Erdpyramiden (14,5 km vom CP bis zum Parkplatz)

Die Erdpyramiden von Platten findest du in der Gemeinde Percha in der Nähe von Bruneck. Das Erosionsgebiet liegt auf einer Höhe von 1550 bis 1750 Metern. Nach großen Unwettern bildete sich ein großer Graben. Durch wiederholtes Abschwemmen und Auswaschen der Seitenhänge, blieben die lehmhaltigen Säulengebilde mit den darauf liegenden Steinen stehen. Diese Erdpyramiden verändern sich ständig. Besonders im Winter und Frühling bilden sich immer wieder neue Säulen. Die Pyramiden beeindrucken durch ihre unterschiedlich großen Gebilde und deren Wildheit.

 

Kronplatz (5,8 km vom CP bis zum Parkplatz Seilbahn Olang)

Der Kronplatz (auf ladinisch und italienisch Plan de Corones) ist ein 2275 Meter hoher Berg am Rande der Dolomiten. Er gilt als Hausberg von Bruneck und ist ein bekanntes Skigebiet. Kronplatz nennt sich nicht nur der Berg, sondern auch die Ferienregion rund um den Berg. Auf dem Gipfel grenzen die drei Gemeinden Bruneck, Olang, Bruneck und Enneberg aufeinander. Im Sommer, wenn kein Skibetrieb stattfindet, werden Besucher, Wanderer, Paraglider und Mountainbiker (inklusive einem Freeride Trail) mit den Seilbahnen sicher auf den Berg gebracht. Am 24.07.2015 wurde von Reinhold Messner das sechste seiner Museen, das MMM Corones, am Berg eröffnet. Die alte Bergstation, umgebaut zu einem Museum für Bergfotographie, das Lumen, wurde am 20.12. 2018 eröffnet. Wer sich für Extrembergsteigen, Fotographie, insbesondere Bergfotographie interessiert, sollte beide Museen jedenfalls besucht haben.

 

Drei Zinnen (43,5 km vom CP bis zum Parkplatz Auronzohütte)

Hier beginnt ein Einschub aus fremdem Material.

lemma CMI_W_Y_X_eq:
  "CMI_W_Y_X W P V = (\<Sum>w\<in>W. \<Sum>x\<in>UNIV. \<Sum>y\<in>UNIV. pmf P (x, y) * plogp (V x y w))
     + (\<Sum>x\<in>UNIV. plogp (pX P x)) - (\<Sum>w\<in>W. \<Sum>x\<in>UNIV. plogp (pWX P V w x))"
proof -
  have pWX: "(\<Sum>y\<in>UNIV. jointp P V w x y * log 2 (pWX P V w x)) = plogp (pWX P V w x)" for w x
    by (simp add: plogp_def pWX_def sum_distrib_right)
  have "(\<Sum>w\<in>W. \<Sum>x\<in>UNIV. \<Sum>y\<in>UNIV. jointp P V w x y * log 2 (pX P x))
      = (\<Sum>x\<in>UNIV. \<Sum>y\<in>UNIV. \<Sum>w\<in>W. jointp P V w x y * log 2 (pX P x))"
    by (subst sum.swap, rule sum.cong, simp, rule sum.swap)
  also have "\<dots> = (\<Sum>x\<in>UNIV. \<Sum>y\<in>UNIV. pmf P (x, y) * log 2 (pX P x))"
    by (simp add: jointp_def cond_dist_sum mult.assoc[symmetric]
        flip: sum_distrib_left sum_distrib_right)
  also have "\<dots> = (\<Sum>x\<in>UNIV. plogp (pX P x))"
    by (simp add: plogp_def pX_def sum_distrib_right)
  finally have pX: "(\<Sum>w\<in>W. \<Sum>x\<in>UNIV. \<Sum>y\<in>UNIV. jointp P V w x y * log 2 (pX P x))
      = (\<Sum>x\<in>UNIV. plogp (pX P x))" .
  show ?thesis unfolding CMI_W_Y_X_def CMI_W_Y_X_summand
    by (simp add: sum.distrib sum_subtractf pWX pX[symmetric])
qed

end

Die Drei Zinnen in Südtirol sind das Wahrzeichen der Dolomitenregion. Sie befinden sich im gleichnamigen Naturpark und wurden 2009 von der UNESCO gemeinsam mit den anderen Dolomitengipfeln zum UNESCO Weltkulturerbe erklärt. Die große Zinne misst 2.999 Meter, die westliche 2.973 und die kleine Zinne 2.857 Meter. Die Region ist als hervorragendes Wandergebiet ausgewiesen. Im Sommer ist die Mautstraße von Misurina zur Auronzohütte zwischen 07.00 und 19.00 Uhr kostenpflichtig zu befahren. Gegen Aufpreis ist auch eine Übernachtung auf dem Parkplatz (gilt auch für Camper) möglich.